§ What you need to do
Return, from the listing below, every line that includes "obtain".

§ Dataset extract
lemma Vm_low_rank_span:
  assumes \<psi>: "\<psi> \<in> uhom G T k n" and "y \<in> low_rank_span G T R V Vm d k"
  shows "Vm k n \<psi> y \<in> low_rank_span G T R V Vm d n"
  using assms(2)
proof (induction rule: low_rank_span.induct)
  case (image m \<phi> x)
  then show ?case
    using Vm_ucomp[OF image(2) \<psi> image(3)] ucomp_uhom[OF image(2) \<psi>] low_rank_span.image by metis
next
  case zero
  then show ?case using lin_map_zero[OF module_V module_V lin_map_Vm[OF \<psi>]] low_rank_span.zero by metis
next
  case (add y z)
  then have "y \<in> carrier (V k)" "z \<in> carrier (V k)" using low_rank_span_subset by blast+
  then show ?case using add.IH lin_map_add[OF lin_map_Vm[OF \<psi>]] low_rank_span.add by metis
next
  case (smult r y)
  then have "y \<in> carrier (V k)" using low_rank_span_subset by blast
  then show ?case using smult lin_map_smult[OF lin_map_Vm[OF \<psi>]] low_rank_span.smult by metis
qed

lemma set_add_subset_low_rank_span:
  "A \<subseteq> low_rank_span G T R V Vm d n \<Longrightarrow> B \<subseteq> low_rank_span G T R V Vm d n \<Longrightarrow>
    set_add (V n) A B \<subseteq> low_rank_span G T R V Vm d n"
  unfolding set_add_def' by (auto intro: low_rank_span.add)

lemma low_rank_span_of_le: "n \<le> d \<Longrightarrow> y \<in> carrier (V n) \<Longrightarrow> y \<in> low_rank_span G T R V Vm d n"
  using low_rank_span.image[OF _ uid_uhom, of n d] Vm_uid by metis

end

section \<open>Generators of the cokernel\<close>

locale coker_generated = UG_module G T b R V Vm
  for G :: "nat \<Rightarrow> 'g monoid" and T :: "nat \<Rightarrow> nat \<Rightarrow> 'g \<Rightarrow> 'g \<Rightarrow> 'g" and b :: "nat \<Rightarrow> nat \<Rightarrow> 'g"
    and R :: "'r ring" and V :: "nat \<Rightarrow> ('r, 'v) module" and Vm :: "nat \<Rightarrow> nat \<Rightarrow> 'g set \<Rightarrow> 'v \<Rightarrow> 'v" +
  fixes d :: nat and J :: "'i set" and mj :: "'i \<Rightarrow> nat" and \<eta> :: "nat \<Rightarrow> ('i \<times> 'g set \<Rightarrow> 'r) \<Rightarrow> 'v set"
  assumes generator_rank_lt: "j \<in> J \<Longrightarrow> mj j < d"
    and lin_map_\<eta>: "lin_map R (free_mod R (gen_basis G T J mj n)) (cok_obj G T b V Vm n) (\<eta> n)"
    and \<eta>_surj: "\<eta> n ` carrier (free_mod R (gen_basis G T J mj n)) = carrier (cok_obj G T b V Vm n)"
    and \<eta>_natural: "\<psi> \<in> uhom G T n n' \<Longrightarrow> f \<in> carrier (free_mod R (gen_basis G T J mj n)) \<Longrightarrow>
      \<eta> n' (free_push R (gen_basis G T J mj n) (gen_basis G T J mj n')
        (\<lambda>(j, \<phi>). (j, ucomp G T (mj j) n n' \<psi> \<phi>)) f) = cok_mor G T b V Vm n n' \<psi> (\<eta> n f)"
begin

abbreviation basis :: "nat \<Rightarrow> ('i \<times> 'g set) set" where
  "basis n \<equiv> gen_basis G T J mj n"

abbreviation span :: "nat \<Rightarrow> 'v set" where
  "span \<equiv> low_rank_span G T R V Vm d"

lemma \<eta>_subset: "f \<in> carrier (free_mod R (basis n)) \<Longrightarrow> \<eta> n f \<subseteq> carrier (V (Suc n))"
  using cok_obj_elem_subset lin_map_closed[OF lin_map_\<eta>] by blast

text \<open>A basis vector \<open>(j, \<phi>)\<close> in rank \<open>k\<close> is the image of \<open>(j, id)\<close> in rank \<open>mj j\<close> under \<open>\<phi>\<close>, so by
  naturality its coset consists of elements \<open>h + V(id\<^sub>1 \<oplus> \<phi>) x\<close> with \<open>h\<close> in the image of \<open>V(k)\<close>
  and \<open>x \<in> V(1 + mj j)\<close>, where \<open>1 + mj j \<le> d\<close>.\<close>
lemma \<eta>_basis_vec_subset_span:
  assumes cok_sub_span: "cok_sub G T b V Vm k \<subseteq> span (Suc k)" and a: "a \<in> basis k"
  shows "\<eta> k (free_basis_vec R (basis k) a) \<subseteq> span (Suc k)"
proof -
  interpret R: cring R by (rule cring_R)
  obtain j \<phi> where a_eq: "a = (j, \<phi>)" and j: "j \<in> J" and \<phi>: "\<phi> \<in> uhom G T (mj j) k"
    using a unfolding gen_basis_def by auto
  define m where "m = mj j"
  define e where "e = free_basis_vec R (basis m) (j, uid G T m)"
  have e: "e \<in> carrier (free_mod R (basis m))"
    unfolding e_def by (rule R.free_basis_vec_closed)
  have "free_push R (basis m) (basis k) (\<lambda>(j', \<phi>'). (j', ucomp G T (mj j') m k \<phi> \<phi>')) e
      = free_basis_vec R (basis k) a"
    unfolding e_def using j uid_uhom a a_eq ucomp_uid[OF \<phi>]
    by (subst R.free_push_basis_vec) (auto simp: gen_basis_def m_def)
  then have \<eta>_eq: "\<eta> k (free_basis_vec R (basis k) a) = cok_mor G T b V Vm m k \<phi> (\<eta> m e)"
    using \<eta>_natural[OF \<phi>[folded m_def] e] by simp
  show ?thesis
  proof
    fix z assume "z \<in> \<eta> k (free_basis_vec R (basis k) a)"
    then obtain x h where x: "x \<in> \<eta> m e" and h: "h \<in> cok_sub G T b V Vm k"
      and z: "z = h \<oplus>\<^bsub>V (Suc k)\<^esub> Vm (Suc m) (Suc k) (utens G T b 1 1 m k (uid G T 1) \<phi>) x"
      unfolding \<eta>_eq cok_mor_def a_r_coset_def' by auto
    have "Vm (Suc m) (Suc k) (utens G T b 1 1 m k (uid G T 1) \<phi>) x \<in> span (Suc k)"
      using generator_rank_lt[OF j] id_plus_uhom[OF \<phi>] x \<eta>_subset[OF e]
      by (intro low_rank_span.image) (auto simp: m_def)
    then show "z \<in> span (Suc k)" using h cok_sub_span z by (auto intro: low_rank_span.add)
  qed
qed

lemma \<eta>_subset_span:
  assumes cok_sub_span: "cok_sub G T b V Vm k \<subseteq> span (Suc k)"
    and f: "f \<in> carrier (free_mod R (basis k))"
  shows "\<eta> k f \<subseteq> span (Suc k)"
proof -
  interpret R: cring R by (rule cring_R)
  show ?thesis using f
  proof (induction rule: R.free_mod_induct)
    case zero
    \<comment> \<open>\<open>cok_obj\<close> is not known to be a module, so \<open>\<eta> k 0\<close> is rewritten as \<open>0 \<cdot> \<eta> k 0\<close>.\<close>
    let ?z = "\<zero>\<^bsub>free_mod R (basis k)\<^esub>"
    have "?z = \<zero>\<^bsub>R\<^esub> \<odot>\<^bsub>free_mod R (basis k)\<^esub> ?z" unfolding smult_free_mod zero_free_mod by auto
    then have "\<eta> k ?z = \<zero>\<^bsub>R\<^esub> \<odot>\<^bsub>cok_obj G T b V Vm k\<^esub> \<eta> k ?z"
      using lin_map_smult[OF lin_map_\<eta> R.zero_closed R.free_mod_zero_closed] by metis
    also have "\<dots> \<subseteq> cok_sub G T b V Vm k"
      using zero_smult_cok_obj_subset \<eta>_subset[OF R.free_mod_zero_closed] by blast
    finally show ?case using cok_sub_span by blast
  next
    case (add_basis_vec g a c)
    note g = add_basis_vec.hyps(1) and a = add_basis_vec.hyps(2) and c = add_basis_vec.hyps(3)
    have e: "free_basis_vec R (basis k) a \<in> carrier (free_mod R (basis k))"
      by (rule R.free_basis_vec_closed)
    have "\<eta> k (g \<oplus>\<^bsub>free_mod R (basis k)\<^esub> (c \<odot>\<^bsub>free_mod R (basis k)\<^esub> free_basis_vec R (basis k) a)) =
        set_add (V (Suc k)) (\<eta> k g) (set_add (V (Suc k)) (cok_sub G T b V Vm k)
          ((\<lambda>x. c \<odot>\<^bsub>V (Suc k)\<^esub> x) ` \<eta> k (free_basis_vec R (basis k) a)))"
      using lin_map_add[OF lin_map_\<eta> g R.free_mod_smult_closed[OF e c]] lin_map_smult[OF lin_map_\<eta> c e]
      by (simp add: cok_obj_add cok_obj_smult)
    also have "\<dots> \<subseteq> span (Suc k)"
      using add_basis_vec.IH c cok_sub_span \<eta>_basis_vec_subset_span[OF cok_sub_span a]
      by (intro set_add_subset_low_rank_span) (auto intro: low_rank_span.smult)
    finally show ?case .
  qed
qed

§ Answer box
  obtain j \<phi> where a_eq: "a = (j, \<phi>)" and j: "j \<in> J" and \<phi>: "\<phi> \<in> uhom G T (mj j) k"
    then obtain x h where x: "x \<in> \<eta> m e" and h: "h \<in> cok_sub G T b V Vm k"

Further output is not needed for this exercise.